Hey just wanted to say thanks for all the replies. Steve, maybe I came off the wrong way. I didnt mean that I felt because of a certain feature I automatically am assuming it is more safe than another firearm. I suppose what I meant was with the limited time I've had with pistols I got comfortable and most familiar with the workings of the 92fs. But being some what new to this my goal here was to maybe broaden my knowledge and experience since I've only fired a limited number of handguns. I know I might spark some major debate here but I do see a lot of people suggest glock. Personally I really dont know how I feel about it yet since I only fired it years ago one time. Ascetically I personally dont think its nice but I hear so many who swear by it so I do want to give it a fair shake. Does the split trigger feel different in the left hand? When I fired it years ago I was so new I dont remember myself.

Moman I'm in Suffolk county but before I lived in the city limits where I need a permit for my shotgun and rifles... Took like 5 months to get and the pistol permit I heard was even tougher to get.

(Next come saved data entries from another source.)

(* Let $q\ge3$ be an integer. Let $H_1,H_2$ be groups with $\mathcal{W}(H_1,\gamma_{q-1}(H_1),\gamma_q(H_1))\ne0$ and $\mathrm{W}(H_2,\gamma_{q-1}(H_2))\ne0$. Let $G$ be a group containing subgroups isomorphic to $H_1$ and to $H_2$ which are both retracts of $G$. Then $\mathcal{W}(G,\gamma_{q-1}(G),\gamma_q(G))\ne0$ and $\mathrm{W}(G,\gamma_{q-1}(G))\ne0$.
   Context: $\gamma_1(H)=H$, $\gamma_{k+1}(H)=[H,\gamma_k(H)]$. A subgroup $H\leqslant G$ is a retract if there is a homomorphism $\alpha\colon G\to G$ with $\alpha(G)=H$ and $\alpha|_H=\mathrm{id}_H$. For normal subgroups $L\geqslant N$ of a group $G$: $\mathrm{Q}(N)^G$ homogeneous quasimorphisms on $N$ invariant under $G$-conjugation, $\mathrm{H}^1(N)^G$ $G$-invariant homomorphisms $N\to\mathbb{R}$, $\mathcal{W}(G,L,N)=\mathrm{Q}(N)^G/(\mathrm{H}^1(N)^G+\{\psi|_N:\psi\in\mathrm{Q}(L)^G\})$, $\mathrm{W}(G,N)=\mathcal{W}(G,G,N)$. *)

theory Defs
  imports Complex_Main "HOL-Algebra.Algebra"
begin

definition comm_subgroup :: "('a, 'm) monoid_scheme \<Rightarrow> 'a set \<Rightarrow> 'a set \<Rightarrow> 'a set" where
  "comm_subgroup G A B = generate G
     {a \<otimes>\<^bsub>G\<^esub> b \<otimes>\<^bsub>G\<^esub> inv\<^bsub>G\<^esub> a \<otimes>\<^bsub>G\<^esub> inv\<^bsub>G\<^esub> b | a b. a \<in> A \<and> b \<in> B}"

text \<open>Lower central series: gamma G 1 = G, gamma G (k+1) = [G, gamma G k]
  (gamma G 0 is also set to G, it is never used).\<close>
fun lcs :: "('a, 'm) monoid_scheme \<Rightarrow> nat \<Rightarrow> 'a set" where
  "lcs G 0 = carrier G"
| "lcs G (Suc k) = (if k = 0 then carrier G else comm_subgroup G (carrier G) (lcs G k))"

definition inv_hom_qm :: "('a, 'm) monoid_scheme \<Rightarrow> 'a set \<Rightarrow> ('a \<Rightarrow> real) \<Rightarrow> bool" where
  "inv_hom_qm G N \<phi> \<longleftrightarrow>
     (\<exists>D. \<forall>x\<in>N. \<forall>y\<in>N. \<bar>\<phi> (x \<otimes>\<^bsub>G\<^esub> y) - \<phi> x - \<phi> y\<bar> \<le> D)
   \<and> (\<forall>x\<in>N. \<forall>n::int. \<phi> (x [^]\<^bsub>G\<^esub> n) = of_int n * \<phi> x)
   \<and> (\<forall>g\<in>carrier G. \<forall>x\<in>N. \<phi> (g \<otimes>\<^bsub>G\<^esub> x \<otimes>\<^bsub>G\<^esub> inv\<^bsub>G\<^esub> g) = \<phi> x)"

definition inv_hom_real :: "('a, 'm) monoid_scheme \<Rightarrow> 'a set \<Rightarrow> ('a \<Rightarrow> real) \<Rightarrow> bool" where
  "inv_hom_real G N h \<longleftrightarrow>
     (\<forall>x\<in>N. \<forall>y\<in>N. h (x \<otimes>\<^bsub>G\<^esub> y) = h x + h y)
   \<and> (\<forall>g\<in>carrier G. \<forall>x\<in>N. h (g \<otimes>\<^bsub>G\<^esub> x \<otimes>\<^bsub>G\<^esub> inv\<^bsub>G\<^esub> g) = h x)"

text \<open>W(G,L,N) \<noteq> 0: some element of Q(N)^G is not in H^1(N)^G + Q(L)^G|_N
  (functions on N compared pointwise on N).\<close>
definition W_nonzero :: "('a, 'm) monoid_scheme \<Rightarrow> 'a set \<Rightarrow> 'a set \<Rightarrow> bool" where
  "W_nonzero G L N \<longleftrightarrow> (\<exists>\<psi>. inv_hom_qm G N \<psi> \<and>
     \<not> (\<exists>h \<phi>. inv_hom_real G N h \<and> inv_hom_qm G L \<phi> \<and> (\<forall>x\<in>N. \<psi> x = h x + \<phi> x)))"

definition is_retract :: "('a, 'm) monoid_scheme \<Rightarrow> 'a set \<Rightarrow> bool" where
  "is_retract G H \<longleftrightarrow> (\<exists>\<alpha> \<in> hom G G. \<alpha> ` carrier G = H \<and> (\<forall>x\<in>H. \<alpha> x = x))"

end

theory Submission
  imports Defs
begin

text \<open>If \<open>H\<close> is isomorphic to a retract of \<open>G\<close>, there are homomorphisms \<open>\<beta> : G \<rightarrow> H\<close> and
  \<open>s : H \<rightarrow> G\<close> with \<open>\<beta> \<circ> s = id\<close>, and both map terms of the lower central series into the
  corresponding terms. Pulling a quasimorphism \<open>\<psi>\<close> that witnesses non-vanishing of \<open>\<W>\<close> for \<open>H\<close>
  back along \<open>\<beta>\<close> gives a witness for \<open>G\<close>: a decomposition \<open>\<psi> \<circ> \<beta> = h + \<phi>\<close> over \<open>G\<close> would pull
  back along \<open>s\<close> to the decomposition \<open>\<psi> = h \<circ> s + \<phi> \<circ> s\<close> over \<open>H\<close>.\<close>

lemma (in group) comm_subgroup_subset_carrier:
  assumes "A \<subseteq> carrier G" and "B \<subseteq> carrier G"
  shows "comm_subgroup G A B \<subseteq> carrier G"
  unfolding comm_subgroup_def using assms by (intro generate_incl) (auto simp: subset_iff)

lemma (in group) comm_subgroup_mono:
  assumes "A \<subseteq> A'" and "B \<subseteq> B'"
  shows "comm_subgroup G A B \<subseteq> comm_subgroup G A' B'"
  unfolding comm_subgroup_def using assms by (intro mono_generate) auto

lemma (in group_hom) comm_subgroup_image:
  assumes "A \<subseteq> carrier G" and "B \<subseteq> carrier G"
  shows "h ` comm_subgroup G A B = comm_subgroup H (h ` A) (h ` B)"
proof -
  let ?S = "{a \<otimes>\<^bsub>G\<^esub> b \<otimes>\<^bsub>G\<^esub> inv\<^bsub>G\<^esub> a \<otimes>\<^bsub>G\<^esub> inv\<^bsub>G\<^esub> b | a b. a \<in> A \<and> b \<in> B}"
  have image: "h ` ?S = {c \<otimes>\<^bsub>H\<^esub> d \<otimes>\<^bsub>H\<^esub> inv\<^bsub>H\<^esub> c \<otimes>\<^bsub>H\<^esub> inv\<^bsub>H\<^esub> d | c d. c \<in> h ` A \<and> d \<in> h ` B}"
    using assms by (auto 0 3 simp: subset_iff intro!: rev_image_eqI)
  have "?S \<subseteq> carrier G"
    using assms by (auto simp: subset_iff)
  then show ?thesis
    unfolding comm_subgroup_def by (simp only: generate_img[symmetric] image)
qed

lemma (in group) lcs_subset_carrier: "lcs G k \<subseteq> carrier G"
  by (induction k) (simp_all add: comm_subgroup_subset_carrier)

lemma (in group_hom) lcs_image_subset: "h ` lcs G k \<subseteq> lcs H k"
proof (induction k)
  case (Suc k)
  have "h ` comm_subgroup G (carrier G) (lcs G k) = comm_subgroup H (h ` carrier G) (h ` lcs G k)"
    by (simp add: comm_subgroup_image G.lcs_subset_carrier)
  also have "\<dots> \<subseteq> comm_subgroup H (carrier H) (lcs H k)"
    using Suc by (intro H.comm_subgroup_mono) auto
  finally show ?case by auto
qed auto

lemma (in group_hom) inv_hom_qm_comp:
  assumes "inv_hom_qm H N' \<phi>" and "N \<subseteq> carrier G" and "h ` N \<subseteq> N'"
  shows "inv_hom_qm G N (\<lambda>x. \<phi> (h x))"
proof -
  obtain D where "\<forall>x\<in>N'. \<forall>y\<in>N'. \<bar>\<phi> (x \<otimes>\<^bsub>H\<^esub> y) - \<phi> x - \<phi> y\<bar> \<le> D"
    using assms(1) unfolding inv_hom_qm_def by blast
  then have "\<forall>x\<in>N. \<forall>y\<in>N. \<bar>\<phi> (h (x \<otimes>\<^bsub>G\<^esub> y)) - \<phi> (h x) - \<phi> (h y)\<bar> \<le> D"
    using assms(2,3) by (auto simp: subset_iff)
  with assms show ?thesis
    unfolding inv_hom_qm_def by (auto simp: subset_iff hom_int_pow)
qed

lemma (in group_hom) inv_hom_real_comp:
  assumes "inv_hom_real H N' \<phi>" and "N \<subseteq> carrier G" and "h ` N \<subseteq> N'"
  shows "inv_hom_real G N (\<lambda>x. \<phi> (h x))"
  using assms unfolding inv_hom_real_def by (auto simp: subset_iff)

lemma W_nonzero_transfer_split:
  assumes "group_hom G H \<beta>" and "group_hom H G s"
    and left_inverse: "\<forall>x\<in>carrier H. \<beta> (s x) = x"
    and "NG \<subseteq> carrier G" and "NH \<subseteq> carrier H" and "LH \<subseteq> carrier H"
    and "\<beta> ` NG \<subseteq> NH" and "s ` NH \<subseteq> NG" and "s ` LH \<subseteq> LG"
    and "W_nonzero H LH NH"
  shows "W_nonzero G LG NG"
proof -
  obtain \<psi> where \<psi>: "inv_hom_qm H NH \<psi>"
    and indecomposable: "\<not> (\<exists>h \<phi>. inv_hom_real H NH h \<and> inv_hom_qm H LH \<phi> \<and> (\<forall>x\<in>NH. \<psi> x = h x + \<phi> x))"
    using \<open>W_nonzero H LH NH\<close> unfolding W_nonzero_def by blast
  have "\<not> (\<exists>h \<phi>. inv_hom_real G NG h \<and> inv_hom_qm G LG \<phi> \<and> (\<forall>x\<in>NG. \<psi> (\<beta> x) = h x + \<phi> x))"
  proof
    assume "\<exists>h \<phi>. inv_hom_real G NG h \<and> inv_hom_qm G LG \<phi> \<and> (\<forall>x\<in>NG. \<psi> (\<beta> x) = h x + \<phi> x)"
    then obtain h \<phi> where "inv_hom_real G NG h" "inv_hom_qm G LG \<phi>"
      and decomposition: "\<forall>x\<in>NG. \<psi> (\<beta> x) = h x + \<phi> x"
      by blast
    then have "inv_hom_real H NH (\<lambda>x. h (s x))" "inv_hom_qm H LH (\<lambda>x. \<phi> (s x))"
      using assms by (simp_all add: group_hom.inv_hom_real_comp group_hom.inv_hom_qm_comp)
    moreover have "\<forall>x\<in>NH. \<psi> x = h (s x) + \<phi> (s x)"
      using decomposition left_inverse assms(5,8) by (metis image_subset_iff subsetD)
    ultimately show False
      using indecomposable by blast
  qed
  moreover have "inv_hom_qm G NG (\<lambda>x. \<psi> (\<beta> x))"
    using assms \<psi> by (simp add: group_hom.inv_hom_qm_comp)
  ultimately show ?thesis
    unfolding W_nonzero_def by blast
qed

lemma retract_iso_split:
  assumes "group G" and "group H" and K: "subgroup K G"
    and "G\<lparr>carrier := K\<rparr> \<cong> H" and "is_retract G K"
  obtains \<beta> s where "group_hom G H \<beta>" and "group_hom H G s" and "\<forall>x\<in>carrier H. \<beta> (s x) = x"
proof -
  obtain f where f: "f \<in> iso (G\<lparr>carrier := K\<rparr>) H"
    using assms(4) unfolding is_iso_def by blast
  obtain \<alpha> where \<alpha>: "\<alpha> \<in> hom G G" "\<alpha> ` carrier G = K" "\<forall>x\<in>K. \<alpha> x = x"
    using assms(5) unfolding is_retract_def by blast
  have "group (G\<lparr>carrier := K\<rparr>)"
    using assms(1) K by (simp add: subgroup.subgroup_is_group)
  then have "inv_into K f \<in> iso H (G\<lparr>carrier := K\<rparr>)"
    using group.iso_set_sym[OF _ f] by simp
  then have s: "inv_into K f \<in> hom H G" and s_into_K: "inv_into K f ` carrier H \<subseteq> K"
    using subgroup.subset[OF K] by (auto simp: iso_def hom_def)
  have "\<alpha> \<in> hom G (G\<lparr>carrier := K\<rparr>)"
    using \<alpha>(1,2) by (auto simp: hom_def)
  then have \<beta>: "f \<circ> \<alpha> \<in> hom G H"
    using f hom_compose by (auto simp: iso_def)
  have "\<forall>x\<in>carrier H. (f \<circ> \<alpha>) (inv_into K f x) = x"
    using s_into_K \<alpha>(3) f by (auto simp: iso_def bij_betw_inv_into_right)
  with \<beta> s show ?thesis
    using assms(1,2) that by (simp add: group_hom_def group_hom_axioms_def)
qed

lemma W_nonzero_lcs_retract:
  assumes "group G" and "group H" and "subgroup K G"
    and "G\<lparr>carrier := K\<rparr> \<cong> H" and "is_retract G K"
    and "W_nonzero H (lcs H i) (lcs H j)"
  shows "W_nonzero G (lcs G i) (lcs G j)"
proof -
  obtain \<beta> s where \<beta>: "group_hom G H \<beta>" and s: "group_hom H G s"
    and "\<forall>x\<in>carrier H. \<beta> (s x) = x"
    using retract_iso_split assms(1-5) by blast
  then show ?thesis
    using assms(6) group.lcs_subset_carrier[OF assms(1)] group.lcs_subset_carrier[OF assms(2)]
      group_hom.lcs_image_subset[OF \<beta>] group_hom.lcs_image_subset[OF s]
    by (intro W_nonzero_transfer_split[of G H \<beta> s]) auto
qed

theorem proposition11p22:
  fixes q :: nat and H1 :: "'a monoid" and H2 :: "'b monoid" and G :: "'c monoid"
  assumes "q \<ge> 3"
    and "group H1" and "group H2" and "group G"
    and "W_nonzero H1 (lcs H1 (q - 1)) (lcs H1 q)"
    and "W_nonzero H2 (carrier H2) (lcs H2 (q - 1))"
    and "\<exists>K1. subgroup K1 G \<and> G\<lparr>carrier := K1\<rparr> \<cong> H1 \<and> is_retract G K1"
    and "\<exists>K2. subgroup K2 G \<and> G\<lparr>carrier := K2\<rparr> \<cong> H2 \<and> is_retract G K2"
  shows "W_nonzero G (lcs G (q - 1)) (lcs G q) \<and> W_nonzero G (carrier G) (lcs G (q - 1))"
proof
  obtain K1 where "subgroup K1 G" "G\<lparr>carrier := K1\<rparr> \<cong> H1" "is_retract G K1"
    using assms(7) by blast
  then show "W_nonzero G (lcs G (q - 1)) (lcs G q)"
    using W_nonzero_lcs_retract assms(2,4,5) by blast
next
  obtain K2 where "subgroup K2 G" "G\<lparr>carrier := K2\<rparr> \<cong> H2" "is_retract G K2"
    using assms(8) by blast
  moreover have "lcs H2 1 = carrier H2" and "lcs G 1 = carrier G"
    by simp_all
  ultimately show "W_nonzero G (carrier G) (lcs G (q - 1))"
    using W_nonzero_lcs_retract[of G H2 K2 1 "q - 1"] assms(3,4,6) by simp
qed

end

So I was content shooting trap in Staten Island lol who knew you could fire shotguns in one of the five boroughs outdoors.


----------



## Steve M1911A1 (Feb 6, 2008)

And I'm from Nassau County...70 years ago.

I believe that there's a practical-shooting or defensive-shooting association with a range out in the Hamptons, or somewhere just west of there.
At least, there was about 10 years ago.
Maybe it's still there.

It'd be a source of guidance.


----------



## Skeletonbob (Sep 13, 2017)

My thing is don't be cheap. My something mid range or better that you actually want because let's be honest here, you're going to keep it most likely forever.


----------